Each productivity scenario is simulated under otherwise business-as-usual conditions for key market and policy variables, including the Energy Independence and Security Act's Renewable Fuels Standard biofuel mandates control case (USEPA 2010). Simulations are performed over a 70-year horizon from 2000-2070. To assess differences in GHG mitigation potential for the alternative growth scenarios, we introduce CO₂ equivalent (e) price incentives ($15, $30, and $50/tCO₂e, constant), following the same approach as in McCarl and Schneider (2001), Lee et al. (2006), and Baker et al. (2010). Further information on FASOMGHG can be found in Beach et al. 2010.

Simulation Results and Discussion

Model simulations illustrate how land management, production, and subsequent emissions trends might evolve under alternative productivity growth trajectories. Total annual production of most crop commodities decreases over time for the Medium and Low growth scenarios relative to the base. Between 2010 and 2030, annual corn and wheat production each decline relative to the baseline by approximately 1% per year for the Medium growth case, but 6% and 11%, respectively for the Low growth case. During the same time frame, simulated corn yields per unit area drop 5% and 17% for the Medium and Low Growth scenarios, respectively. However, projected wheat yields are actually higher under Medium growth than for the High growth scenario due to differences in land allocation and input use.

Deviations from the high growth base in total production and yields widen over time, especially for corn. From 2030–2050, corn production under the Medium scenario is 4.3%–7.3% lower than the High growth scenario, while yields per acre drop 17.9%–28.9%. As crop commodity production declines, so does the feed availability for livestock operations, causing higher feed prices, and lower livestock commodity supply. Commodity prices rise and exports decline for the Medium and Low growth cases.

Conclusions

Increased agricultural productivity holds the key to meeting the food, fiber and energy needs of a growing and more affluent population. It also will play a critical role in mitigating greenhouse gases. We perform statistical analysis of historic growth rates in U.S. agriculture to posit a range of plausible scenarios for future changes in agricultural productivity, then simulate sectoral performance under these alternative rates. We find that lower crop and livestock productivity growth leads to extensive and intensive margin shifts coupled with higher emissions from land use change and management, lower emissions from livestock operations, and a minimal net impact on aggregate emissions. The main reason for the negligible effect on emissions when the margins shift has to do with the complex relationship between crop and livestock systems, productivity, input use intensity, land use change and comparative advantage. Higher productivity growth may reduce the acreage and other inputs needed to grow crops, thereby lowering emissions from crop production, but it can also increase levels and lower prices of livestock feed, which raises production and emissions from the livestock sector.

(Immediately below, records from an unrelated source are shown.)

lemma race_prob_Suc_Suc:
  "race_prob p q (Suc m) (Suc n) = p * race_prob p q m (Suc n) + q * race_prob p q (Suc m) n"
proof -
  have "race_prob p q (Suc m) (Suc n)
      = p ^ (m + 2) + (\<Sum>k\<le>n. real ((m + Suc k) choose Suc k) * p ^ (m + 2) * q ^ Suc k)
        + (\<Sum>k\<le>n. real ((Suc m + k) choose k) * p ^ (m + 2) * q ^ Suc k)"
    unfolding race_prob_def by (subst sum.atMost_Suc_shift) (simp add: sum.distrib algebra_simps)
  also have "p ^ (m + 2) + (\<Sum>k\<le>n. real ((m + Suc k) choose Suc k) * p ^ (m + 2) * q ^ Suc k)
      = p * race_prob p q m (Suc n)"
    unfolding race_prob_def by (subst sum.atMost_Suc_shift) (simp add: sum_distrib_left algebra_simps)
  also have "(\<Sum>k\<le>n. real ((Suc m + k) choose k) * p ^ (m + 2) * q ^ Suc k)
      = q * race_prob p q (Suc m) n"
    unfolding race_prob_def by (simp add: sum_distrib_left algebra_simps)
  finally show ?thesis .
qed

lemma race_prob_complement:
  assumes "p + q = 1"
  shows "race_prob p q m n + race_prob q p n m = 1"
proof (induction m arbitrary: n)
  case 0
  show ?case
    using sum_geometric_plus_power[OF assms, of n] by (simp add: race_prob_def)
next
  case (Suc m)
  show ?case
  proof (induction n)
    case 0
    show ?case
      using sum_geometric_plus_power[of q p "Suc m"] assms by (simp add: race_prob_def)
  next
    case (Suc n)
    have "race_prob p q (Suc m) (Suc n) + race_prob q p (Suc n) (Suc m)
        = p * (race_prob p q m (Suc n) + race_prob q p (Suc n) m)
          + q * (race_prob p q (Suc m) n + race_prob q p n (Suc m))"
      by (simp add: race_prob_Suc_Suc algebra_simps)
    also have "\<dots> = 1" using Suc.IH \<open>\<And>n. race_prob p q m n + race_prob q p n m = 1\<close> assms by simp
    finally show ?case .
  qed
qed

lemma P_exact_Suc: "P_exact q (Suc m) = 2 * race_prob q (1 - q) m m"
proof -
  have "P_exact q (Suc m) = 1 - race_prob (1 - q) q m m + race_prob q (1 - q) m m"
    unfolding P_exact_def race_prob_def Let_def
    by (simp add: lessThan_Suc_atMost[symmetric] sum_subtractf sum.distrib algebra_simps add.commute)
  also have "race_prob (1 - q) q m m = 1 - race_prob q (1 - q) m m"
    using race_prob_complement[of "1 - q" q m m] by simp
  finally show ?thesis by simp
qed

lemma race_prob_diag_ge:
  assumes "0 \<le> p" "p \<le> 1" "0 \<le> q"
  shows "real (Suc (2 * m) choose m) * q ^ (m + 1) * p ^ m \<le> race_prob q p m m"
proof -
  have "real (Suc (2 * m) choose m) = (\<Sum>k\<le>m. real ((m + k) choose k))"
    using sum_choose_lower[of m m] by (simp add: mult_2 flip: of_nat_sum)
  then have "real (Suc (2 * m) choose m) * q ^ (m + 1) * p ^ m
      = (\<Sum>k\<le>m. real ((m + k) choose k) * q ^ (m + 1) * p ^ m)"
    by (simp add: sum_distrib_right)
  also have "\<dots> \<le> race_prob q p m m"
    unfolding race_prob_def
    using assms by (intro sum_mono mult_left_mono power_decreasing) auto
  finally show ?thesis .
qed

lemma central_binomial_Suc_eq_double: "(2 * Suc m) choose Suc m = 2 * (Suc (2 * m) choose m)"
  using binomial_symmetric[of m "Suc (2 * m)"] by simp

lemma Suc_mult_central_binomial_Suc:
  "Suc n * ((2 * Suc n) choose Suc n) = 2 * (2 * n + 1) * ((2 * n) choose n)"
proof -
  have "Suc n * ((2 * Suc n) choose Suc n) = 2 * ((Suc (2 * n) choose Suc n) * Suc n)"
    using central_binomial_Suc_eq_double[of n] binomial_symmetric[of n "Suc (2 * n)"] by simp
  also have "\<dots> = 2 * (Suc (2 * n) * ((2 * n) choose n))"
    by (simp only: Suc_times_binomial_eq)
  finally show ?thesis by simp
qed

lemma P_exact_ge_central_binomial:
  assumes "0 \<le> q" "q \<le> 1" "1 \<le> z"
  shows "real ((2 * z) choose z) * ((1 - q) * q) ^ z \<le> P_exact q z"
proof -
  obtain m where z: "z = Suc m" using assms(3) by (cases z) auto
  have "(1 - q) ^ z \<le> (1 - q) ^ m"
    using assms unfolding z by (intro power_decreasing) auto
  then have "real ((2 * z) choose z) * ((1 - q) * q) ^ z
      \<le> real ((2 * z) choose z) * q ^ z * (1 - q) ^ m"
    using assms by (simp add: power_mult_distrib mult_left_mono ac_simps)
  also have "\<dots> = 2 * (real (Suc (2 * m) choose m) * q ^ (m + 1) * (1 - q) ^ m)"
    unfolding z central_binomial_Suc_eq_double by simp
  also have "\<dots> \<le> P_exact q z"
    using race_prob_diag_ge[of "1 - q" q m] assms unfolding z P_exact_Suc by simp
  finally show ?thesis .
qed

lemma central_binomial_weighted_mono:
  assumes "1 \<le> m" "m \<le> n"
  shows "real m * (real ((2 * m) choose m) / 4 ^ m)^2 \<le> real n * (real ((2 * n) choose n) / 4 ^ n)^2"
  using assms(2)
proof (induction n rule: dec_induct)
  case (step n)
  define c where "c = real ((2 * n) choose n) / 4 ^ n"
  have n: "0 < real n" using assms step by simp
  have "real (Suc n) * real ((2 * Suc n) choose Suc n) = 2 * (2 * n + 1) * real ((2 * n) choose n)"
    by (metis (mono_tags) Suc_mult_central_binomial_Suc of_nat_mult of_nat_numeral of_nat_add of_nat_1)
  then have c': "real ((2 * Suc n) choose Suc n) / 4 ^ Suc n = c * ((2 * n + 1) / (2 * n + 2))"
    unfolding c_def by (simp add: divide_simps del: binomial_Suc_Suc) (simp add: algebra_simps)
  have "(real n + 1) * ((2 * n + 1) / (2 * n + 2))^2 = (2 * n + 1)^2 / (4 * (n + 1))"
    using n by (simp add: power_divide divide_simps) (simp add: power2_eq_square algebra_simps)
  also have "\<dots> \<ge> real n"
    using n by (simp add: le_divide_eq power2_eq_square algebra_simps)
  finally have "real n * c^2 \<le> ((real n + 1) * ((2 * n + 1) / (2 * n + 2))^2) * c^2"
    by (rule mult_right_mono) simp
  then have "real n * c^2 \<le> real (Suc n) * (c * ((2 * n + 1) / (2 * n + 2)))^2"
    by (simp only: power_mult_distrib of_nat_Suc ac_simps)
  then show ?case using step.IH unfolding c_def c' by linarith
qed simp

The results also show diminished production and export potential under lower productivity regimes, which would increase international emissions, thus exacerbating the indirect emissions impact of reduced U.S. productivity growth. Havlík et al. 2012, shows strong global land use change effects of lower sustained crop productivity growth. Finally, while the baseline emissions effect is small in magnitude, we find substantial improvements in net GHG mitigation potential with increased productivity when mitigation price incentives are introduced. This result is consistent with the findings of the global analysis presented in Havlík et al. (2012). Thus, while productivity enhancement might not be a viable mitigation strategy in isolation for intensive agricultural systems, it can increase the effectiveness of direct GHG reduction incentives, both nationally and globally.